(* Let $A\in\mathbb{C}^{m\times n}$ and $X\in\mathbb{C}^{n\times m}$. Then the following are equivalent: (1) $A^{\mathfrak{m}}$ exists and $X=A^{\mathfrak{m}}$; (2) $XAa=a$ for all $a\in\mathcal{R}(A^{\sim})$, and $Xb=0$ for all $b\in\mathcal{N}(A^{\sim})$; (3) $AX=P_{\mathcal{R}(A),\mathcal{N}(A^{\sim})}$, $XA=P_{\mathcal{R}(X),\mathcal{N}(A)}$, and $\mathcal{R}(X)\subseteq\mathcal{R}(A^{\sim})$.
   Context: For a positive integer $k$, the Minkowski metric matrix of order $k$ is $G_k=\mathrm{diag}(1,-I_{k-1})$ (with $G_1=(1)$). For $A\in\mathbb{C}^{m\times n}$, the Minkowski adjoint is $A^{\sim}=G_nA^*G_m$, where $A^*$ is the conjugate transpose. The Minkowski inverse of $A$, denoted $A^{\mathfrak{m}}$, is a matrix $X\in\mathbb{C}^{n\times m}$ with $AXA=A$, $XAX=X$, $(AX)^{\sim}=AX$, $(XA)^{\sim}=XA$ (unique if it exists). $\mathcal{R}(\cdot)$, $\mathcal{N}(\cdot)$ denote range and null space. For subspaces $\mathcal{S},\mathcal{T}$ of $\mathbb{C}^k$ with $\mathcal{S}\oplus\mathcal{T}=\mathbb{C}^k$, $P_{\mathcal{S},\mathcal{T}}$ denotes the projector onto $\mathcal{S}$ along $\mathcal{T}$ (statement (3) includes that the relevant direct sums hold). *)

theory Defs
  imports "Jordan_Normal_Form.Schur_Decomposition" "Jordan_Normal_Form.Matrix_Kernel"
begin

definition minkowski_G :: "nat \<Rightarrow> complex mat" where
  "minkowski_G k = mat k k (\<lambda>(i,j). if i = j then (if i = 0 then 1 else -1) else 0)"

definition mink_adj :: "complex mat \<Rightarrow> complex mat" where
  "mink_adj A = minkowski_G (dim_col A) * mat_adjoint A * minkowski_G (dim_row A)"

definition is_minkowski_inverse :: "complex mat \<Rightarrow> complex mat \<Rightarrow> bool" where
  "is_minkowski_inverse A X \<longleftrightarrow>
     X \<in> carrier_mat (dim_col A) (dim_row A) \<and>
     A * X * A = A \<and> X * A * X = X \<and>
     mink_adj (A * X) = A * X \<and> mink_adj (X * A) = X * A"

definition mink_inverse_exists :: "complex mat \<Rightarrow> bool" where
  "mink_inverse_exists A \<longleftrightarrow> (\<exists>X. is_minkowski_inverse A X)"

definition mink_inverse :: "complex mat \<Rightarrow> complex mat" where
  "mink_inverse A = (THE X. is_minkowski_inverse A X)"

definition mat_range :: "complex mat \<Rightarrow> complex vec set" where
  "mat_range A = {A *\<^sub>v x | x. x \<in> carrier_vec (dim_col A)}"

definition direct_sum_space :: "nat \<Rightarrow> complex vec set \<Rightarrow> complex vec set \<Rightarrow> bool" where
  "direct_sum_space k S T \<longleftrightarrow>
     S \<subseteq> carrier_vec k \<and> T \<subseteq> carrier_vec k \<and>
     (\<forall>v \<in> carrier_vec k. \<exists>s\<in>S. \<exists>t\<in>T. v = s + t) \<and>
     S \<inter> T = {0\<^sub>v k}"

definition is_projector :: "nat \<Rightarrow> complex mat \<Rightarrow> complex vec set \<Rightarrow> complex vec set \<Rightarrow> bool" where
  "is_projector k P S T \<longleftrightarrow>
     direct_sum_space k S T \<and> P \<in> carrier_mat k k \<and>
     (\<forall>s\<in>S. P *\<^sub>v s = s) \<and> (\<forall>t\<in>T. P *\<^sub>v t = 0\<^sub>v k)"

end

(*
  The Minkowski adjoint is an involutive anti-automorphism, and a square matrix P with
  P~ P = P~ is self-adjoint. Conditions (3) say that AX and XA are idempotents with
  R(AX) = R(A), N(AX) = N(A~), R(XA) = R(X), N(XA) = N(A); together with R(X) \<subseteq> R(A~)
  this is equivalent to the four Penrose equations. Under (2), XA fixes the columns of A~,
  and taking adjoints gives AXA = A and (XA)~ = XA. The remaining equations follow once
  A~ = A~AW for some W. Since X vanishes on N(A~), the matrix M = A~A + I - XA is injective,
  hence invertible, and XA M = A~A; so W = M^-1 A~ works, as A~ = XA A~.
*)

theory Submission
  imports Defs
begin

section \<open>Minkowski adjoint\<close>

definition mink_sign :: "nat \<Rightarrow> complex" where
  "mink_sign i = (if i = 0 then 1 else -1)"

lemma mink_sign_square [simp]: "mink_sign i * mink_sign i = 1"
  by (simp add: mink_sign_def)

lemma mink_sign_square_left [simp]: "mink_sign i * (mink_sign i * x) = x"
  by (simp add: mink_sign_def)

lemma cnj_mink_sign [simp]: "cnj (mink_sign i) = mink_sign i"
  by (simp add: mink_sign_def)

lemma diagonal_mult_mat:
  fixes d :: "nat \<Rightarrow> 'a :: comm_ring_1"
  assumes "M \<in> carrier_mat k q"
  shows "mat k k (\<lambda>(i,j). if i = j then d i else 0) * M =
         mat k q (\<lambda>(i,j). d i * M $$ (i,j))"
  using assms
  by (intro eq_matI)
    (auto simp: scalar_prod_def if_distrib[where f = "\<lambda>a. a * y" for y] sum.delta cong: if_cong)

lemma mult_diagonal_mat:
  fixes d :: "nat \<Rightarrow> 'a :: comm_ring_1"
  assumes "M \<in> carrier_mat q k"
  shows "M * mat k k (\<lambda>(i,j). if i = j then d i else 0) =
         mat q k (\<lambda>(i,j). M $$ (i,j) * d j)"
  using assms by (intro eq_matI) (auto simp: scalar_prod_def if_distrib sum.delta' cong: if_cong)

lemma mink_adj_mat:
  "mink_adj A = mat (dim_col A) (dim_row A) (\<lambda>(i,j). mink_sign i * mink_sign j * cnj (A $$ (j,i)))"
proof -
  have G: "minkowski_G k = mat k k (\<lambda>(i,j). if i = j then mink_sign i else 0)" for k
    unfolding minkowski_G_def mink_sign_def by (rule eq_matI) auto
  have "mat_adjoint A = mat (dim_col A) (dim_row A) (\<lambda>(i,j). cnj (A $$ (j,i)))"
    unfolding mat_adjoint_def by (rule eq_matI) (auto simp: mat_of_rows_index)
  then show ?thesis
    unfolding mink_adj_def G by (subst diagonal_mult_mat mult_diagonal_mat, force)+ (rule eq_matI, auto)
qed

lemma mink_adj_dims [simp]:
  "dim_row (mink_adj A) = dim_col A" "dim_col (mink_adj A) = dim_row A"
  by (simp_all add: mink_adj_mat)

lemma mink_adj_carrier [simp]: "A \<in> carrier_mat m n \<Longrightarrow> mink_adj A \<in> carrier_mat n m"
  by (metis carrier_matD carrier_matI mink_adj_dims)

lemma mink_adj_index:
  "i < dim_col A \<Longrightarrow> j < dim_row A \<Longrightarrow>
   mink_adj A $$ (i,j) = mink_sign i * mink_sign j * cnj (A $$ (j,i))"
  by (simp add: mink_adj_mat)

lemma mink_adj_mink_adj [simp]: "mink_adj (mink_adj A) = A"
  by (rule eq_matI) (auto simp: mink_adj_index)

lemma mink_adj_mult:
  assumes "A \<in> carrier_mat p q" "B \<in> carrier_mat q r"
  shows "mink_adj (A * B) = mink_adj B * mink_adj A"
proof (rule eq_matI)
  fix i j assume "i < dim_row (mink_adj B * mink_adj A)" "j < dim_col (mink_adj B * mink_adj A)"
  with assms have "i < r" "j < p" by auto
  with assms have "mink_adj (A * B) $$ (i,j) =
      mink_sign i * mink_sign j * cnj (\<Sum>k<q. A $$ (j,k) * B $$ (k,i))"
    by (simp add: mink_adj_index scalar_prod_def lessThan_atLeast0)
  also have "\<dots> = (\<Sum>k<q. (mink_sign i * mink_sign k * cnj (B $$ (k,i))) *
                              (mink_sign k * mink_sign j * cnj (A $$ (j,k))))"
    by (simp add: sum_distrib_left mult_ac)
  also have "\<dots> = (mink_adj B * mink_adj A) $$ (i,j)"
    using assms \<open>i < r\<close> \<open>j < p\<close>
    by (simp add: mink_adj_index scalar_prod_def lessThan_atLeast0)
  finally show "mink_adj (A * B) $$ (i,j) = (mink_adj B * mink_adj A) $$ (i,j)" .
qed (use assms in auto)

lemma mink_adj_eq_if_mink_adj_mult_eq:
  assumes "P \<in> carrier_mat k k" and "mink_adj P * P = mink_adj P"
  shows "mink_adj P = P"
proof -
  have "P = mink_adj (mink_adj P * P)"
    using assms(2) by simp
  also have "\<dots> = mink_adj P * P"
    using mink_adj_mult[OF mink_adj_carrier[OF assms(1)] assms(1)] by simp
  finally show ?thesis
    using assms(2) by simp
qed

section \<open>Ranges, kernels and projectors\<close>

lemma mult_mat_assoc_dims:
  "dim_col A = dim_row B \<Longrightarrow> dim_col B = dim_row C \<Longrightarrow> A * B * C = A * (B * C)"
  by (rule assoc_mult_mat[of A "dim_row A" "dim_col A" B "dim_col B" C "dim_col C"]) auto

[YOUR GOAL] A single number is the answer here: the count of lines in the material above holding the string "assumes".

[TASK RESULT] 4